I will answer this later today- It will take longer than a few minutes and I don't have much time right now.


----------



## Latestarter (Jan 16, 2019)

IMHO an honest and above board breeder would have in the contract a requirement that you have the puppy checked over by your vet within a reasonable amount of time, and if something is found to be bad, they will purchase the puppy back. Obviously they would not be required to purchase back if the issue was you, the buyers fault for whatever reason. A heart condition is nothing that you could be held responsible for over the very short time frame you've had the pup. I'm not a breeder, SBC is, and she has said she will answer later, as she's able. I hope it's nothing serious and that the pup can "outgrow" the issue.


----------



## SonRise Acres (Jan 16, 2019)

The breeders we have bought from actually had a clause in our contract. We were not required to take the dogs to a vet, but if we did within the specified time frame, and an issue was found, a full refund or another dog (if available) was given. I wouldn’t buy from a breeder that didn’t have that clause. They could be selling me a very sick animal.


----------



## bethh (Jan 16, 2019)

Southern by choice said:


> I will answer this later today- It will take longer than a few minutes and I don't have much time right now.


Thank you.  I look forward to hearing back from you.


----------



## Wehner Homestead (Jan 16, 2019)

Wow! I can’t imagine getting that news. I want to respond but I’ll let SBC answer first as she’s more knowledgeable than I.


----------



## bethh (Jan 16, 2019)

Wehner Homestead said:


> Wow! I can’t imagine getting that news. I want to respond but I’ll let SBC answer first as she’s more knowledgeable than I.


Thanks


----------



## Southern by choice (Jan 16, 2019)

bethh said:


> The vet said lets not worry about it and I'll re-evaluate it at his next visit in 3 weeks.

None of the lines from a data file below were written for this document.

theorem theorem2:
  fixes \<mu> :: "'a measure" and p :: "real \<Rightarrow> 'a \<Rightarrow> real" and \<Theta> :: "real set"
    and T E :: nat and N :: "nat \<Rightarrow> nat" and \<theta> :: "nat \<Rightarrow> real" and \<epsilon> :: real
  assumes dens_meas: "\<And>t. t \<in> \<Theta> \<Longrightarrow> p t \<in> borel_measurable \<mu>"
    and dens_nonneg: "\<And>t y. t \<in> \<Theta> \<Longrightarrow> y \<in> space \<mu> \<Longrightarrow> p t y \<ge> 0"
    and dens_prob: "\<And>t. t \<in> \<Theta> \<Longrightarrow> prob_space (density \<mu> (\<lambda>y. ennreal (p t y)))"
    and KL_fin_pos: "\<And>t s. t \<in> \<Theta> \<Longrightarrow> s \<in> \<Theta> \<Longrightarrow> t \<noteq> s \<Longrightarrow>
        KL_finite (density \<mu> (\<lambda>y. ennreal (p t y))) (density \<mu> (\<lambda>y. ennreal (p s y)))
        \<and> KL (density \<mu> (\<lambda>y. ennreal (p t y))) (density \<mu> (\<lambda>y. ennreal (p s y))) > 0"
    and batches: "batches_ok T E N"
    and theta_in: "\<And>e. e \<in> {1..E} \<Longrightarrow> \<theta> e \<in> \<Theta>"
    and eps_pos: "\<epsilon> > 0"
    and Lam_finite: "\<And>e. e \<in> {1..E} \<Longrightarrow> finite (Lam \<Theta> \<theta> \<epsilon> e)"
  shows "\<exists>A :: real \<Rightarrow> real. A \<in> O(ln) \<and> eventually (\<lambda>\<beta>. A \<beta> > 0) at_top \<and>
     (\<exists>f :: real \<Rightarrow> real. (f \<longlongrightarrow> 0) at_top \<and>
        eventually (\<lambda>\<beta>. ennreal (\<beta> * (1 + f \<beta>)) \<le>
          (\<integral>\<^sup>+ Y. stop_time (\<lambda>n. Wstat p (batch T E N) E \<theta> (Lam \<Theta> \<theta> \<epsilon>) n) (A \<beta>) Y
             \<partial>obs_law \<mu> p (batch T E N) \<theta> \<theta> None)) at_top) \<and>
     (\<exists>C > 0. \<forall>la. (\<forall>e \<in> {1..E}. la e \<in> Lam \<Theta> \<theta> \<epsilon> e) \<longrightarrow>
        (\<exists>g :: real \<Rightarrow> real. (g \<longlongrightarrow> 0) at_top \<and>
          eventually (\<lambda>\<beta>.
            (\<integral>\<^sup>+ Y. stop_time (\<lambda>n. Wstat p (batch T E N) E \<theta> (Lam \<Theta> \<theta> \<epsilon>) n) (A \<beta>) Y
               \<partial>obs_law \<mu> p (batch T E N) \<theta> la (Some 1))
            \<le> ennreal (C * ln \<beta> * (1 + g \<beta>))) at_top))"
proof -
  interpret all_batch_change \<mu> p \<Theta> T E N \<theta> \<epsilon>
    using assms by (simp add: all_batch_change_def all_batch_change_axioms_def density_family_def)
  define K where "K = ln (real (card post_params) + 1) + \<bar>Sup ({} :: real set)\<bar>"
  have "0 \<le> K"
    unfolding K_def by simp
  show ?thesis
  proof (rule exI[of _ "\<lambda>\<beta>. 3 * ln \<beta> + K"], intro conjI)
    show "(\<lambda>\<beta>. 3 * ln \<beta> + K) \<in> O(ln)"
      by (rule threshold_bigo)
    show "eventually (\<lambda>\<beta>. 0 < 3 * ln \<beta> + K) at_top"
    proof (rule eventually_mono[OF eventually_gt_at_top[of 1]])
      show "0 < 3 * ln \<beta> + K" if "1 < \<beta>" for \<beta> :: real
        using ln_gt_zero[OF that] \<open>0 \<le> K\<close> by linarith
    qed
    show "\<exists>f. (f \<longlongrightarrow> 0) at_top \<and> eventually (\<lambda>\<beta>. ennreal (\<beta> * (1 + f \<beta>)) \<le>
        (\<integral>\<^sup>+ Y. glr_stop (3 * ln \<beta> + K) Y \<partial>obs_law \<mu> p (batch T E N) \<theta> \<theta> None)) at_top"
      unfolding K_def by (rule false_alarm_asymptotic)
    show "\<exists>C > 0. \<forall>la. (\<forall>e \<in> {1..E}. la e \<in> Lam \<Theta> \<theta> \<epsilon> e) \<longrightarrow>
        (\<exists>g. (g \<longlongrightarrow> 0) at_top \<and> eventually (\<lambda>\<beta>.
          (\<integral>\<^sup>+ Y. glr_stop (3 * ln \<beta> + K) Y \<partial>obs_law \<mu> p (batch T E N) \<theta> la (Some 1))
            \<le> ennreal (C * ln \<beta> * (1 + g \<beta>))) at_top)"
      using \<open>0 \<le> K\<close> by (rule detection_delay_asymptotic)
  qed
qed

end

That was a good call because puppies can often have murmurs and they outgrow them. It is generally with larger breeds that grow quickly but is not limited to large dogs. Most pups will outgrow this by 5 months. 


bethh said:


> She said that he needs to see a cardiologist. I'm trying to be positive but I usually see the glass as half full


How old is the pup?  Depending on age I would not rush to see a cardiologist just yet. Again- depends on age.


bethh said:


> We've had many puppies over the years and when they are his age (almost 3months). They are wild and crazy, running around like maniacs. Thats not him. He will play some but not the crazy puppy. Are most Pyr puppies more laid back? I'm trying to see if his behavior is the norm or is it because he has a heart condition.

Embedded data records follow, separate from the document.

lemma eq_wedge_if_dependent:
  assumes N: "N \<in> S" and s: "s \<noteq> 0" and dep: "\<forall>k<n. s * X N k + t * Y N k = 0"
  shows "N = wedge (vec n (\<lambda>k. s * M $$ (p, k) + t * M $$ (q, k)))
    (vec n (\<lambda>l. (Y N l + N $$ (p, q) * M $$ (q, l)) / s))" (is "N = wedge ?u ?v")
proof (rule eq_matI)
  fix k l assume "k < dim_row (wedge ?u ?v)" "l < dim_col (wedge ?u ?v)"
  hence kl: "k < n" "l < n" by auto
  have tY: "t * Y N j = - (s * X N j)" if "j < n" for j
    using dep that by (metis neg_eq_iff_add_eq_0)
  have "s * wedge ?u ?v $$ (k, l)
      = ?u $ k * (Y N l + N $$ (p, q) * M $$ (q, l)) - ?u $ l * (Y N k + N $$ (p, q) * M $$ (q, k))"
    using kl s by (simp add: field_simps)
  also have "\<dots> = s * (M $$ (p, k) * Y N l - M $$ (p, l) * Y N k
        + N $$ (p, q) * (M $$ (p, k) * M $$ (q, l) - M $$ (p, l) * M $$ (q, k)))
      + M $$ (q, k) * (t * Y N l) - M $$ (q, l) * (t * Y N k)"
    using kl by (simp add: algebra_simps)
  also have "\<dots> = s * N $$ (k, l)"
    unfolding tY[OF kl(1)] tY[OF kl(2)] decomposition_wedge_rows[OF N kl] by (simp add: algebra_simps)
  finally show "N $$ (k, l) = wedge ?u ?v $$ (k, l)" using s by simp
qed (use N carrier in auto)

lemma eq_wedge_if_Y_zero:
  assumes N: "N \<in> S" and t: "t \<noteq> 0" and Y: "\<forall>k<n. Y N k = 0"
  shows "N = wedge (vec n (\<lambda>k. t * M $$ (q, k))) (vec n (\<lambda>l. - (X N l + N $$ (p, q) * M $$ (p, l)) / t))"
    (is "N = wedge ?u ?v")
proof (rule eq_matI)
  fix k l assume "k < dim_row (wedge ?u ?v)" "l < dim_col (wedge ?u ?v)"
  hence kl: "k < n" "l < n" by auto
  have "wedge ?u ?v $$ (k, l)
      = M $$ (q, l) * (X N k + N $$ (p, q) * M $$ (p, k)) - M $$ (q, k) * (X N l + N $$ (p, q) * M $$ (p, l))"
    using kl t by (simp add: field_simps)
  thus "N $$ (k, l) = wedge ?u ?v $$ (k, l)"
    unfolding decomposition_wedge_rows[OF N kl] using Y kl by (simp add: algebra_simps)
qed (use N carrier in auto)

lemma wedge_family_if_dependent:
  assumes st: "s \<noteq> 0 \<or> t \<noteq> 0" and dep: "\<forall>N\<in>S. \<forall>k<n. s * X N k + t * Y N k = 0"
  shows "\<exists>u\<in>carrier_vec n. u \<noteq> 0\<^sub>v n \<and> (\<forall>N\<in>S. \<exists>v\<in>carrier_vec n. N = wedge u v)"
proof -
  define u where "u = vec n (\<lambda>k. s * M $$ (p, k) + t * M $$ (q, k))"
  have "u $ p = - t" "u $ q = s"
    unfolding u_def using p q M_pq diag[OF M p] diag[OF M q] skew[OF M q p] by simp_all
  hence "u \<noteq> 0\<^sub>v n" using st p q by auto
  moreover have "\<exists>v\<in>carrier_vec n. N = wedge u v" if N: "N \<in> S" for N
  proof (cases "s = 0")
    case False
    have "\<forall>k<n. s * X N k + t * Y N k = 0" using dep N by blast
    thus ?thesis using eq_wedge_if_dependent[OF N False] vec_carrier unfolding u_def by blast
  next
    case True
    hence t: "t \<noteq> 0" and Y: "\<forall>k<n. Y N k = 0" using st dep N by auto
    have "u = vec n (\<lambda>k. t * M $$ (q, k))" unfolding u_def True by simp
    thus ?thesis using eq_wedge_if_Y_zero[OF N t Y] vec_carrier by blast
  qed
  ultimately show ?thesis unfolding u_def by auto
qed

LGD breeds typically are not wild in behavior. They generally have there times of play and rambunctiousness but are generally "laying around". 
A dog that is wild, crazy, bouncing off the walls would be looked at as not a good LGD candidate IMO.


bethh said:


> One more question, if any of you breed and sell LGD puppies, would you allow a potential buyer to take a puppy to their vet for a health check to rule out something like a heart murmur and take it back if it were to have a serious condition?


I do put in my contracts that we require a vet check- we do give a time frame for that. It is generally a short time frame. There is reason for that. Pups travelling long distances although may have been vet checked and cleared can still have a bloom. This way they choose THEIR vet. Working in the vet field you would be shocked at how many people believe that somehow breeders and vets are in cahoots together and will lie and all kids of crazy crap. That the vet is going to lie about the health and so most people DON'T trust the vet the breeder used. 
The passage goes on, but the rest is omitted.